# [What you are asked to do]
Over all lines in the data below, count those holding "rule" and give only the result.

Saved entries
━━━━━━━━━━━━━━━━

(* Let $\mathcal X$ be a compact set in a normed space (dual norm $\|\cdot\|_*$), let $w_n>0$, and let each $l_n$ be differentiable and $\mu_n$-strongly convex for some $\mu_n\ge0$, with $\sum_{m=1}^nw_m\mu_m>0$ for all $n$. In round $n$ let $v_{n+1}$ be a differentiable (possibly nonconvex) function such that $\sum_{m=1}^nw_ml_m+w_{n+1}v_{n+1}$ is convex, and suppose the learner plays $x_{n+1}\in\operatorname{arg\,min}_{x\in\mathcal X}\big(\sum_{m=1}^nw_ml_m+w_{n+1}v_{n+1}\big)(x)$ (with $x_1\in\operatorname{arg\,min}_{\mathcal X}v_1$, $v_1$ convex). Then $$\mathrm{regret}^w(\mathcal X):=\sum_{n=1}^Nw_nl_n(x_n)-\min_{x\in\mathcal X}\sum_{n=1}^Nw_nl_n(x)\le\sum_{n=1}^N\frac{w_n^2\|\nabla l_n(x_n)-\nabla v_n(x_n)\|_*^2}{2\sum_{m=1}^nw_m\mu_m}.$$ In particular, if $\mu_n=\mu>0$ and $w_n=n^p$ with $p\ge0$, then $\mathrm{regret}^w(\mathcal X)\le\frac{p+1}{2\mu}\sum_{n=1}^Nn^{p-1}\|\nabla l_n(x_n)-\nabla v_n(x_n)\|_*^2$.
   Formalization: The set $\mathcal X$ is convex as well as compact. The paper assumes this as well. *)

theory Defs
  imports "HOL-Analysis.Analysis"
begin

definition strongly_convex_on :: "'a::real_normed_vector set \<Rightarrow> real \<Rightarrow> ('a \<Rightarrow> real) \<Rightarrow> bool" where
  "strongly_convex_on S mu f \<longleftrightarrow>
     (\<forall>x\<in>S. \<forall>y\<in>S. \<forall>t::real. 0 \<le> t \<and> t \<le> 1 \<longrightarrow>
        f ((1 - t) *\<^sub>R x + t *\<^sub>R y)
          \<le> (1 - t) * f x + t * f y - mu / 2 * t * (1 - t) * (norm (x - y))\<^sup>2)"

text \<open>Dual norm of a (bounded linear) functional, i.e. of a gradient given as its
  Frechet derivative: the operator norm.\<close>
definition dual_norm :: "('a::real_normed_vector \<Rightarrow> real) \<Rightarrow> real" where
  "dual_norm g = onorm g"

end

theory Submission
  imports Defs
begin

text \<open>The cumulative loss \<open>S\<^sub>n = \<Sum>\<^sub>m\<^sub>\<le>\<^sub>n w\<^sub>m l\<^sub>m\<close> is \<open>\<sigma>\<^sub>n\<close>-strongly convex with
  \<open>\<sigma>\<^sub>n = \<Sum>\<^sub>m\<^sub>\<le>\<^sub>n w\<^sub>m \<mu>\<^sub>m\<close>, and \<open>x\<^sub>n\<close> minimises \<open>S\<^sub>n - H\<^sub>n\<close> over \<open>X\<close>, where
  \<open>H\<^sub>n = w\<^sub>n (l\<^sub>n - v\<^sub>n)\<close> is the error of the optimistic guess \<open>v\<^sub>n\<close>. Comparing the first-order
  optimality condition of this perturbed minimiser with strong convexity gives
  \<open>S\<^sub>n(x\<^sub>n) - S\<^sub>n(y) \<le> \<parallel>H\<^sub>n'(x\<^sub>n)\<parallel>\<^sub>*\<^sup>2 / (2 \<sigma>\<^sub>n)\<close>, and these round-wise gaps telescope to
  the regret ("be the leader"). For \<open>w\<^sub>n = n\<^sup>p\<close> one bounds \<open>n\<^sup>p\<^sup>+\<^sup>1 \<le> (p + 1) \<Sum>\<^sub>m\<^sub>\<le>\<^sub>n m\<^sup>p\<close>
  by the mean value theorem.\<close>

lemma has_derivative_directional_at_right:
  fixes H :: "'a::real_normed_vector \<Rightarrow> real"
  assumes "(H has_derivative H') (at x)"
  shows "((\<lambda>t. (H (x + t *\<^sub>R d) - H x) / t) \<longlongrightarrow> H' d) (at_right 0)"
proof -
  have "((\<lambda>t::real. x + t *\<^sub>R d) has_derivative (\<lambda>s. s *\<^sub>R d)) (at 0)"
    by (auto intro!: derivative_eq_intros)
  then have "((\<lambda>t. H (x + t *\<^sub>R d)) has_derivative (\<lambda>s. H' (s *\<^sub>R d))) (at 0)"
    using has_derivative_compose assms by fastforce
  moreover have "(\<lambda>s. H' (s *\<^sub>R d)) = (*) (H' d)"
    using linear_scale[OF bounded_linear.linear[OF has_derivative_bounded_linear[OF assms]]]
    by (auto simp: fun_eq_iff)
  ultimately have "((\<lambda>t. H (x + t *\<^sub>R d)) has_field_derivative H' d) (at 0 within {0<..})"
    unfolding has_field_derivative_def by (simp add: has_derivative_at_withinI)
  then show ?thesis
    by (simp add: has_field_derivative_iff)
qed

lemma strongly_convex_on_sum:
  assumes "finite I"
    and "\<And>i. i \<in> I \<Longrightarrow> w i \<ge> 0"
    and "\<And>i. i \<in> I \<Longrightarrow> strongly_convex_on S (\<mu> i) (f i)"
  shows "strongly_convex_on S (\<Sum>i\<in>I. w i * \<mu> i) (\<lambda>z. \<Sum>i\<in>I. w i * f i z)"
  unfolding strongly_convex_on_def
proof (intro ballI allI impI)
  fix x y and t :: real
  assume "x \<in> S" "y \<in> S" "0 \<le> t \<and> t \<le> 1"
  define K where "K = t * (1 - t) * (norm (x - y))\<^sup>2 / 2"
  have "(\<Sum>i\<in>I. w i * f i ((1 - t) *\<^sub>R x + t *\<^sub>R y))
      \<le> (\<Sum>i\<in>I. (1 - t) * (w i * f i x) + t * (w i * f i y) - (w i * \<mu> i) * K)"
  proof (rule sum_mono)
    fix i assume i: "i \<in> I"
    have "f i ((1 - t) *\<^sub>R x + t *\<^sub>R y) \<le> (1 - t) * f i x + t * f i y - \<mu> i * K"
      using assms(3)[OF i] \<open>x \<in> S\<close> \<open>y \<in> S\<close> \<open>0 \<le> t \<and> t \<le> 1\<close>
      unfolding strongly_convex_on_def K_def by (auto simp: algebra_simps)
    then show "w i * f i ((1 - t) *\<^sub>R x + t *\<^sub>R y)
        \<le> (1 - t) * (w i * f i x) + t * (w i * f i y) - (w i * \<mu> i) * K"
      using mult_left_mono[OF _ assms(2)[OF i]] by (fastforce simp: algebra_simps)
  qed
  also have "\<dots> = (1 - t) * (\<Sum>i\<in>I. w i * f i x) + t * (\<Sum>i\<in>I. w i * f i y)
      - (\<Sum>i\<in>I. w i * \<mu> i) * K"
    by (simp add: sum.distrib sum_subtractf sum_distrib_left sum_distrib_right)
  also have "\<dots> = (1 - t) * (\<Sum>i\<in>I. w i * f i x) + t * (\<Sum>i\<in>I. w i * f i y)
      - (\<Sum>i\<in>I. w i * \<mu> i) / 2 * t * (1 - t) * (norm (x - y))\<^sup>2"
    by (simp add: K_def)
  finally show "(\<Sum>i\<in>I. w i * f i ((1 - t) *\<^sub>R x + t *\<^sub>R y))
      \<le> (1 - t) * (\<Sum>i\<in>I. w i * f i x) + t * (\<Sum>i\<in>I. w i * f i y)
        - (\<Sum>i\<in>I. w i * \<mu> i) / 2 * t * (1 - t) * (norm (x - y))\<^sup>2" .
qed

lemma perturbed_minimizer_first_order:
  fixes f H :: "'a::real_normed_vector \<Rightarrow> real"
  assumes S: "convex S" and f: "strongly_convex_on S \<sigma> f"
    and x: "x \<in> S" and y: "y \<in> S"
    and H: "(H has_derivative H') (at x)"
    and min: "\<And>z. z \<in> S \<Longrightarrow> f x - H x \<le> f z - H z"
  shows "H' (y - x) \<le> f y - f x - \<sigma> / 2 * (norm (y - x))\<^sup>2"
proof -
  define d where "d = y - x"
  have "\<forall>\<^sub>F t in at_right 0. (H (x + t *\<^sub>R d) - H x) / t
      \<le> f y - f x - \<sigma> / 2 * (1 - t) * (norm d)\<^sup>2"
    unfolding eventually_at_right_field
  proof (intro exI[of _ 1] conjI allI impI)
    fix t :: real assume t: "0 < t" "t < 1"
    have z: "x + t *\<^sub>R d = (1 - t) *\<^sub>R x + t *\<^sub>R y"
      unfolding d_def by (simp add: algebra_simps)
    have "x + t *\<^sub>R d \<in> S"
      unfolding z using S x y t by (simp add: convex_def)
    then have "H (x + t *\<^sub>R d) - H x \<le> f (x + t *\<^sub>R d) - f x"
      using min by force
    also have "\<dots> \<le> t * (f y - f x - \<sigma> / 2 * (1 - t) * (norm d)\<^sup>2)"
    proof -
      have "f ((1 - t) *\<^sub>R x + t *\<^sub>R y)
          \<le> (1 - t) * f x + t * f y - \<sigma> / 2 * t * (1 - t) * (norm (x - y))\<^sup>2"
        using f x y t unfolding strongly_convex_on_def by simp
      then show ?thesis
        unfolding z d_def by (simp add: norm_minus_commute algebra_simps)
    qed
    finally show "(H (x + t *\<^sub>R d) - H x) / t \<le> f y - f x - \<sigma> / 2 * (1 - t) * (norm d)\<^sup>2"
      using t by (simp add: divide_le_eq mult.commute)
  qed simp
  moreover have "((\<lambda>t. f y - f x - \<sigma> / 2 * (1 - t) * (norm d)\<^sup>2)
      \<longlongrightarrow> f y - f x - \<sigma> / 2 * (1 - 0) * (norm d)\<^sup>2) (at_right 0)"
    by (intro tendsto_intros)
  ultimately show ?thesis
    using tendsto_le[OF _ _ has_derivative_directional_at_right[OF H]] d_def by fastforce
qed

lemma perturbed_minimizer_gap:
  fixes f H :: "'a::real_normed_vector \<Rightarrow> real"
  assumes "convex S" and "strongly_convex_on S \<sigma> f" and "\<sigma> > 0"
    and "x \<in> S" and "y \<in> S"
    and H: "(H has_derivative H') (at x)"
    and "\<And>z. z \<in> S \<Longrightarrow> f x - H x \<le> f z - H z"
  shows "f x - f y \<le> (onorm H')\<^sup>2 / (2 * \<sigma>)"
proof -
  define a r where "a = onorm H'" and "r = norm (y - x)"
  have "- (a * r) \<le> H' (y - x)"
    using onorm[OF has_derivative_bounded_linear[OF H], of "y - x"]
    unfolding a_def r_def by (simp add: abs_le_iff)
  also have "\<dots> \<le> f y - f x - \<sigma> / 2 * r\<^sup>2"
    unfolding r_def by (rule perturbed_minimizer_first_order[OF assms(1,2,4,5) H assms(7)])
  finally have "f x - f y \<le> a * r - \<sigma> / 2 * r\<^sup>2" by linarith
  moreover have "0 \<le> (\<sigma> * r - a)\<^sup>2 / (2 * \<sigma>)"
    using \<open>\<sigma> > 0\<close> by simp
  moreover have "(\<sigma> * r - a)\<^sup>2 / (2 * \<sigma>) = \<sigma> / 2 * r\<^sup>2 - a * r + a\<^sup>2 / (2 * \<sigma>)"
    using \<open>\<sigma> > 0\<close> by (simp add: field_simps power2_eq_square)
  ultimately show ?thesis
    unfolding a_def by linarith
qed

━━━━━━━━━━━━━━━━

# [Task answer]
2